Thanks. I dont plan on getting any more babies just yet. Just looking around, im not in any rush, hehe.


----------



## lilspaz68 (Feb 24, 2007)

Okay my opinion. Might be okay, but you will notice that Quinn is listed as a possible breeder but has unknown background. The RatZRealm rats have OFR parentage, which makes me nervous. Odd Fellowes Rattery has managed to get their hands on too many burmese rats and randomly sell them to anyone. Hence why burmese are everywhere now. The breeders in the UK of the burmese have very very strict rules about this. They are allowing very few rats into the USA and only to approved breeders, they are trying to keep the burmese pure and not ending up in petstores and backyard breeder programs if you know what I mean. There are huge penalties if a burmese rat gets bred when there's a pet-only contract and from what I have spoken to other breeders about, the USA as a whole could be penalized, so all breeders police the goings on with the burmese.

I don't like how this girl used to breed but now is official since she got breeder rats. She's too young and still in college.

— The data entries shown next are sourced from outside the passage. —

lemma direct_sum_decomp_obtain_basis:
  fixes U :: "'i \<Rightarrow> 'a::euclidean_space set"
  assumes dsd: "direct_sum_decomp U I"
    and bases: "\<forall>i\<in>I. \<exists>A. independent A \<and> span A = U i \<and> Q A"
  obtains B lab where "independent B" "span B = UNIV" "\<forall>b\<in>B. lab b \<in> I"
    "\<forall>i\<in>I. span {b\<in>B. lab b = i} = U i" "\<forall>i\<in>I. Q {b\<in>B. lab b = i}"
proof -
  from bases obtain A where A: "\<And>i. i \<in> I \<Longrightarrow> independent (A i) \<and> span (A i) = U i \<and> Q (A i)"
    by metis
  have disj: "i = j" if "i \<in> I" "j \<in> I" "b \<in> A i" "b \<in> A j" for i j b
    using direct_sum_decomp_Int[OF dsd, of i j b] A[OF that(1)] A[OF that(2)] that
    by (metis dependent_zero span_base)
  define B where "B = (\<Union>i\<in>I. A i)"
  define lab where "lab b = (SOME i. i \<in> I \<and> b \<in> A i)" for b
  have lab: "lab b \<in> I \<and> b \<in> A (lab b)" if "b \<in> B" for b
    unfolding lab_def by (rule someI_ex) (use that B_def in auto)
  have fibre: "{b\<in>B. lab b = i} = A i" if "i \<in> I" for i
    using that lab disj by (auto simp: B_def)
  have A_U: "A i \<subseteq> U i" if "i \<in> I" for i
    using A[OF that] span_base by blast
  have "independent B"
    by (rule direct_sum_decomp_independent[OF dsd, of B lab]) (use lab fibre A A_U in auto)
  moreover have "span B = UNIV"
  proof -
    have "UNIV = span (\<Union>i\<in>I. U i)" using direct_sum_decomp_span[OF dsd] by simp
    also have "\<dots> = span B" unfolding B_def using span_UN_span[where J = I and S = A] A by simp
    finally show ?thesis by simp
  qed
  moreover have "\<forall>i\<in>I. span {b\<in>B. lab b = i} = U i" "\<forall>i\<in>I. Q {b\<in>B. lab b = i}"
    using fibre A by simp_all
  ultimately show ?thesis using that lab by blast
qed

If I ever went to a breeder I would make sure I had pedigree up to 3-4 generations minimum that I could check out. Just my opinion.

I take in rescues and rehomes, and oops litter babies (handled from birth and extremely loving and socialized), so a breeder would really have to prove themselves to me before I took in a baby or 2.


----------



## JennieLove (Jan 2, 2007)

Thank you for the info! Im deff. going to keep looking around.


----------



## Lise (Feb 26, 2007)

lilspaz68 said:


> The RatZRealm rats have OFR parentage, which makes me nervous. Odd Fellowes Rattery has managed to get their hands on too many burmese rats and randomly sell them to anyone. .

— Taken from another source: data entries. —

(* Let $q\in(0,1)$, $c_{-1},c_{+1}\in\mathbb{R}$ and $\delta>0$. Let $S=\{-1,+1\}$ and let $(X_n,\eta_n)_{n\in\mathbb{Z}_+}$, where $\eta_n=X_n-X_{n-1}$, be a time-homogeneous irreducible Markov chain on $\mathbb{Z}_+\times S$ with transition probabilities \[\Pr[(X_{n+1},\eta_{n+1})=(x+j,j)\mid (X_n,\eta_n)=(x,i)]=q_{ij}(x),\quad i,j\in S,\] where, as $x\to\infty$, \[ q_{ij}(x)=\begin{cases} q+\frac{i c_i}{2x}+O(x^{-1-\delta}) & \text{if } j=i,\\ 1-q-\frac{i c_i}{2x}+O(x^{-1-\delta}) & \text{if } j\neq i.\end{cases}\] Let $c=(c_{+1}+c_{-1})/2$. If $c<-q$ then the walk is positive-recurrent; if $c>q$ then the walk is transient; if $|c|\le q$ then the walk is null-recurrent.
   Context: This is a correlated random walk on $\mathbb{Z}_+$: the particle moves by $\pm1$ at each step, and the law of the next step depends on the current position $x$ and the previous direction of travel $i\in\{-1,+1\}$. *)

theory Defs
  imports "HOL-Analysis.Analysis" "HOL-Library.Landau_Symbols"
begin

text \<open>States are pairs (x, i) with x a nonnegative integer (position) and
 i in {-1,+1} (last direction of travel).\<close>

type_synonym cstate = "nat \<times> int"

definition dirs :: "int set" where "dirs = {-1, 1}"

definition crw_kernel :: "(int \<Rightarrow> int \<Rightarrow> nat \<Rightarrow> real) \<Rightarrow> cstate \<Rightarrow> cstate \<Rightarrow> real" where
  "crw_kernel qq s t =
     (if snd s \<in> dirs \<and> snd t \<in> dirs \<and> int (fst t) = int (fst s) + snd t
      then qq (snd s) (snd t) (fst s) else 0)"

text \<open>State space of the chain: (0,+1) can never be entered (one arrives at 0
 only by a -1 step), so the chain lives on Z+ x S without (0,+1).\<close>
definition crw_states :: "cstate set" where
  "crw_states = {(x, i). i \<in> dirs \<and> (x > 0 \<or> i = -1)}"

fun nstep :: "(cstate \<Rightarrow> cstate \<Rightarrow> real) \<Rightarrow> nat \<Rightarrow> cstate \<Rightarrow> cstate \<Rightarrow> real" where
  "nstep P 0 s t = (if s = t then 1 else 0)"
| "nstep P (Suc n) s t = infsum (\<lambda>u. P s u * nstep P n u t) UNIV"

fun first_pass :: "(cstate \<Rightarrow> cstate \<Rightarrow> real) \<Rightarrow> nat \<Rightarrow> cstate \<Rightarrow> cstate \<Rightarrow> real" where
  "first_pass P 0 s t = 0"
| "first_pass P (Suc 0) s t = P s t"
| "first_pass P (Suc (Suc n)) s t =
     infsum (\<lambda>u. if u = t then 0 else P s u * first_pass P (Suc n) u t) UNIV"

definition return_prob :: "(cstate \<Rightarrow> cstate \<Rightarrow> real) \<Rightarrow> cstate \<Rightarrow> real" where
  "return_prob P s = (\<Sum>n. first_pass P n s s)"

definition recurrent_state :: "(cstate \<Rightarrow> cstate \<Rightarrow> real) \<Rightarrow> cstate \<Rightarrow> bool" where
  "recurrent_state P s \<longleftrightarrow> return_prob P s = 1"

definition transient_state :: "(cstate \<Rightarrow> cstate \<Rightarrow> real) \<Rightarrow> cstate \<Rightarrow> bool" where
  "transient_state P s \<longleftrightarrow> \<not> recurrent_state P s"

definition pos_recurrent_state :: "(cstate \<Rightarrow> cstate \<Rightarrow> real) \<Rightarrow> cstate \<Rightarrow> bool" where
  "pos_recurrent_state P s \<longleftrightarrow> recurrent_state P s \<and> summable (\<lambda>n. real n * first_pass P n s s)"

definition null_recurrent_state :: "(cstate \<Rightarrow> cstate \<Rightarrow> real) \<Rightarrow> cstate \<Rightarrow> bool" where
  "null_recurrent_state P s \<longleftrightarrow> recurrent_state P s \<and> \<not> summable (\<lambda>n. real n * first_pass P n s s)"

definition irreducible_on :: "(cstate \<Rightarrow> cstate \<Rightarrow> real) \<Rightarrow> cstate set \<Rightarrow> bool" where
  "irreducible_on P A \<longleftrightarrow> (\<forall>s\<in>A. \<forall>t\<in>A. \<exists>n. nstep P n s t > 0)"

end

theory Submission
  imports Defs
begin

text \<open>
  As a Markov chain on pairs (position, last direction) the walk has exactly two successors
  from every state, \<open>(x + 1, +1)\<close> and \<open>(x - 1, -1)\<close>, so the classical potential theory of
  birth-death chains carries over.  Let \<open>\<rho>(x)\<close> be the product of the persistence ratios
  \<open>q\<^sub>+\<^sub>+(y) / q\<^sub>-\<^sub>-(y)\<close> for \<open>y \<le> x\<close>.  An explicit scale function built from \<open>1 / \<rho>\<close> is
  harmonic away from the origin; the walk is recurrent when it is unbounded (Lyapunov
  criterion) and transient when it is bounded (it then yields a supersolution of the hitting
  equation that stays below \<open>1\<close>).  An explicit mean hitting time built from \<open>\<rho>\<close> has drift
  \<open>-1\<close>, so a recurrent walk is positive recurrent when \<open>\<Sum> \<rho>(x) < \<infinity>\<close> (Foster criterion);
  truncations of it bound the mean return time from below, so it is infinite when
  \<open>\<Sum> \<rho>(x) = \<infinity>\<close>.  Finally the hypotheses give \<open>ln (q\<^sub>+\<^sub>+(y) / q\<^sub>-\<^sub>-(y)) = \<alpha> / y + O(y powr (-1 - \<delta>))\<close>
  with \<open>\<alpha> = c / q\<close>, hence \<open>\<rho>(x) \<asymp> x powr \<alpha>\<close>, and the regimes \<open>\<alpha> < -1\<close>, \<open>\<alpha> > 1\<close> and
  \<open>|\<alpha>| \<le> 1\<close> are exactly \<open>c < -q\<close>, \<open>c > q\<close> and \<open>|c| \<le> q\<close>.
\<close>

lemma affine_contraction_iterate_le:
  fixes M :: "nat \<Rightarrow> real"
  assumes step: "\<And>k. M (k + L) \<le> b + r * M k"
    and "M 0 \<le> 0" "0 \<le> b" "0 \<le> r" "r < 1"
  shows "M (j * L) \<le> b / (1 - r)"
proof (induction j)
  case 0
  have "0 \<le> b / (1 - r)" using assms by simp
  then show ?case using assms(2) by simp
next
  case (Suc j)
  have "M (Suc j * L) \<le> b + r * M (j * L)"
    using step[of "j * L"] by (simp add: add.commute)
  also have "\<dots> \<le> b + r * (b / (1 - r))"
    using Suc assms(4) by (intro add_left_mono mult_left_mono)
  also have "\<dots> = b / (1 - r)"
    using assms by (simp add: field_simps)
  finally show ?case .
qed

section \<open>Transition operators of the walk\<close>

locale crw_chain =
  fixes qq :: "int \<Rightarrow> int \<Rightarrow> nat \<Rightarrow> real"
  assumes nonneg: "\<And>i j x. i \<in> dirs \<Longrightarrow> j \<in> dirs \<Longrightarrow> qq i j x \<ge> 0"
    and stoch: "\<And>i x. i \<in> dirs \<Longrightarrow> qq i 1 x + qq i (-1) x = 1"
    and boundary: "\<And>i. i \<in> dirs \<Longrightarrow> qq i (-1) 0 = 0"
    and irred: "irreducible_on (crw_kernel qq) crw_states"
begin

abbreviation P :: "cstate \<Rightarrow> cstate \<Rightarrow> real" where "P \<equiv> crw_kernel qq"

definition up :: "cstate \<Rightarrow> cstate" where "up s = (fst s + 1, 1)"

text \<open>At position 0 the truncated subtraction makes \<open>dn s = (0, -1)\<close>, but there
  \<open>p_dn s = 0\<close> by the boundary condition.\<close>
definition dn :: "cstate \<Rightarrow> cstate" where "dn s = (fst s - 1, -1)"

definition p_up :: "cstate \<Rightarrow> real" where
  "p_up s = (if snd s \<in> dirs then qq (snd s) 1 (fst s) else 0)"

definition p_dn :: "cstate \<Rightarrow> real" where
  "p_dn s = (if snd s \<in> dirs then qq (snd s) (-1) (fst s) else 0)"

definition trans_op :: "(cstate \<Rightarrow> real) \<Rightarrow> cstate \<Rightarrow> real" where
  "trans_op f s = p_up s * f (up s) + p_dn s * f (dn s)"

definition killed_op :: "cstate \<Rightarrow> (cstate \<Rightarrow> real) \<Rightarrow> cstate \<Rightarrow> real" where
  "killed_op t f = trans_op (f(t := 0))"

lemma up_neq_dn [simp]: "up s \<noteq> dn s" "dn s \<noteq> up s"
  by (auto simp: up_def dn_def)

lemma fst_up [simp]: "fst (up s) = fst s + 1" and snd_up [simp]: "snd (up s) = 1"
  and fst_dn [simp]: "fst (dn s) = fst s - 1" and snd_dn [simp]: "snd (dn s) = -1"
  by (auto simp: up_def dn_def)

lemma up_neq_self [simp]: "up s \<noteq> s"
  by (cases s) (auto simp: up_def)

lemma up_in_states [simp]: "up s \<in> crw_states" and dn_in_states [simp]: "dn s \<in> crw_states"
  by (auto simp: crw_states_def up_def dn_def dirs_def)

lemma snd_state_in_dirs: "s \<in> crw_states \<Longrightarrow> snd s \<in> dirs"
  by (auto simp: crw_states_def)

lemma finite_states_below: "finite {v \<in> crw_states. fst v \<le> X}"
proof (rule finite_subset)
  show "{v \<in> crw_states. fst v \<le> X} \<subseteq> {0..X} \<times> dirs" by (auto simp: crw_states_def)
qed (simp add: dirs_def)

lemma p_up_nonneg: "p_up s \<ge> 0" and p_dn_nonneg: "p_dn s \<ge> 0"
  by (auto simp: p_up_def p_dn_def dirs_def intro: nonneg)

lemma p_up_p_dn_sum: "snd s \<in> dirs \<Longrightarrow> p_up s + p_dn s = 1"
  by (auto simp: p_up_def p_dn_def stoch)

lemma p_up_p_dn_le_1: "p_up s + p_dn s \<le> 1"
  by (cases "snd s \<in> dirs") (auto simp: p_up_def p_dn_def stoch)

lemma kernel_eq: "P s v = (if v = up s then p_up s else 0) + (if v = dn s then p_dn s else 0)"
proof -
  obtain x i where s: "s = (x, i)" by (cases s)
  obtain y j where v: "v = (y, j)" by (cases v)
  show ?thesis
    using boundary[of i]
    by (cases "x = 0") (auto simp: s v crw_kernel_def p_up_def p_dn_def up_def dn_def dirs_def)
qed

lemma infsum_kernel_mult: "infsum (\<lambda>v. P s v * f v) UNIV = trans_op f s"
proof -
  have "infsum (\<lambda>v. P s v * f v) UNIV = infsum (\<lambda>v. P s v * f v) {up s, dn s}"
    by (rule infsum_cong_neutral) (auto simp: kernel_eq)
  then show ?thesis by (simp add: kernel_eq trans_op_def)
qed

lemma trans_op_mono:
  "f (up s) \<le> g (up s) \<Longrightarrow> f (dn s) \<le> g (dn s) \<Longrightarrow> trans_op f s \<le> trans_op g s"
  unfolding trans_op_def by (intro add_mono mult_left_mono) (auto simp: p_up_nonneg p_dn_nonneg)

lemma trans_op_nonneg: "f (up s) \<ge> 0 \<Longrightarrow> f (dn s) \<ge> 0 \<Longrightarrow> trans_op f s \<ge> 0"
  using trans_op_mono[of "\<lambda>_. 0" s f] by (simp add: trans_op_def)

lemma trans_op_const: "snd s \<in> dirs \<Longrightarrow> trans_op (\<lambda>_. a) s = a"
  using p_up_p_dn_sum[of s] by (simp add: trans_op_def flip: distrib_right)

lemma trans_op_le_const:
  assumes "f (up s) \<le> a" "f (dn s) \<le> a" "0 \<le> a"
  shows "trans_op f s \<le> a"
proof -
  have "trans_op f s \<le> trans_op (\<lambda>_. a) s" using assms by (intro trans_op_mono) auto
  also have "\<dots> = a * (p_up s + p_dn s)" by (simp add: trans_op_def algebra_simps)
  also have "\<dots> \<le> a" using p_up_p_dn_le_1[of s] \<open>0 \<le> a\<close> by (simp add: mult_left_le)
  finally show ?thesis .
qed

lemma killed_op_eq:
  "killed_op t f s = (if up s = t then 0 else p_up s * f (up s))
                   + (if dn s = t then 0 else p_dn s * f (dn s))"
  by (simp add: killed_op_def trans_op_def)

lemma kernel_plus_killed_op: "P s t + killed_op t f s = trans_op (f(t := 1)) s"
  by (auto simp: kernel_eq killed_op_eq trans_op_def)

lemma killed_op_mono:
  "f (up s) \<le> g (up s) \<Longrightarrow> f (dn s) \<le> g (dn s) \<Longrightarrow> killed_op t f s \<le> killed_op t g s"
  unfolding killed_op_def by (rule trans_op_mono) auto

lemma killed_op_le_trans_op:
  "f (up s) \<ge> 0 \<Longrightarrow> f (dn s) \<ge> 0 \<Longrightarrow> killed_op t f s \<le> trans_op f s"
  unfolding killed_op_def by (rule trans_op_mono) auto

lemma killed_op_linear:
  "killed_op t (\<lambda>u. a * f u + b * g u) s = a * killed_op t f s + b * killed_op t g s"
  by (simp add: killed_op_eq algebra_simps)

lemma killed_op_sum: "killed_op t (\<lambda>u. \<Sum>j\<in>A. f j u) s = (\<Sum>j\<in>A. killed_op t (f j) s)"
  by (simp add: killed_op_eq sum_distrib_left sum.distrib)

lemma killed_op_const_le: "0 \<le> a \<Longrightarrow> killed_op t (\<lambda>_. a) s \<le> a"
  unfolding killed_op_def by (rule trans_op_le_const) auto

lemma trans_op_max_principle:
  assumes "snd s \<in> dirs" "m \<le> trans_op f s" "f (up s) \<le> m" "f (dn s) \<le> m"
  shows "(p_up s > 0 \<longrightarrow> f (up s) = m) \<and> (p_dn s > 0 \<longrightarrow> f (dn s) = m)"
proof -
  have "m = p_up s * m + p_dn s * m"
    using p_up_p_dn_sum[OF assms(1)] by (metis distrib_right mult_1)
  moreover have "p_up s * f (up s) \<le> p_up s * m" "p_dn s * f (dn s) \<le> p_dn s * m"
    using assms(3,4) by (auto intro: mult_left_mono p_up_nonneg p_dn_nonneg)
  ultimately have "p_up s * m \<le> p_up s * f (up s)" "p_dn s * m \<le> p_dn s * f (dn s)"
    using assms(2) unfolding trans_op_def by linarith+
  then show ?thesis using assms(3,4) by (auto simp: mult_le_cancel_left_pos)
qed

OFR is a reputable breeder, not sure why you would bash them.

*She flew over to the UK and imported the Burmese herself.* They are some of the best lines out there. 

She is active in the show community, and very much respected within the rat community in her area.

YES she sells her rats to other breeders -- but isn't it good that breeders have a reputable source to get rats from, rather than to have to start breeding pet store rats?! For instance they shipped burmese to RatzRealm so that they would have some good lines to work with, and I know for a fact that RatzRealm shipped Black Eyed Whites and Dwarfs from good lines up to the breeders in the NorthWest to work with as well.

If every rat bred is from good healthy lineage, ethical breeding practices are being followed, and every rat bred has a home... there is absolutely nothing wrong with reproducing a certain color, trait, etc.

My two cents.


----------



## 2manyrats (Apr 10, 2007)

lilspaz68 said:


> The breeders in the UK of the burmese have very very strict rules about this. They are allowing very few rats into the USA and only to approved breeders, they are trying to keep the burmese pure and not ending up in petstores and backyard breeder programs if you know what I mean. There are huge penalties if a burmese rat gets bred when there's a pet-only contract and from what I have spoken to other breeders about, the USA as a whole could be penalized, so all breeders police the goings on with the burmese.


Penalties? I've never gotten a rat from an approved breeder (just petstores and "backyard" breeders), but I've seen the contracts on various breeder's websites that a new owner has to sign. I didn't realize that there could be "penalities" to a nation as a whole; what does that mean, exactly?

I wish there was a breeder with Burmese & Siamese around here (WI)!


----------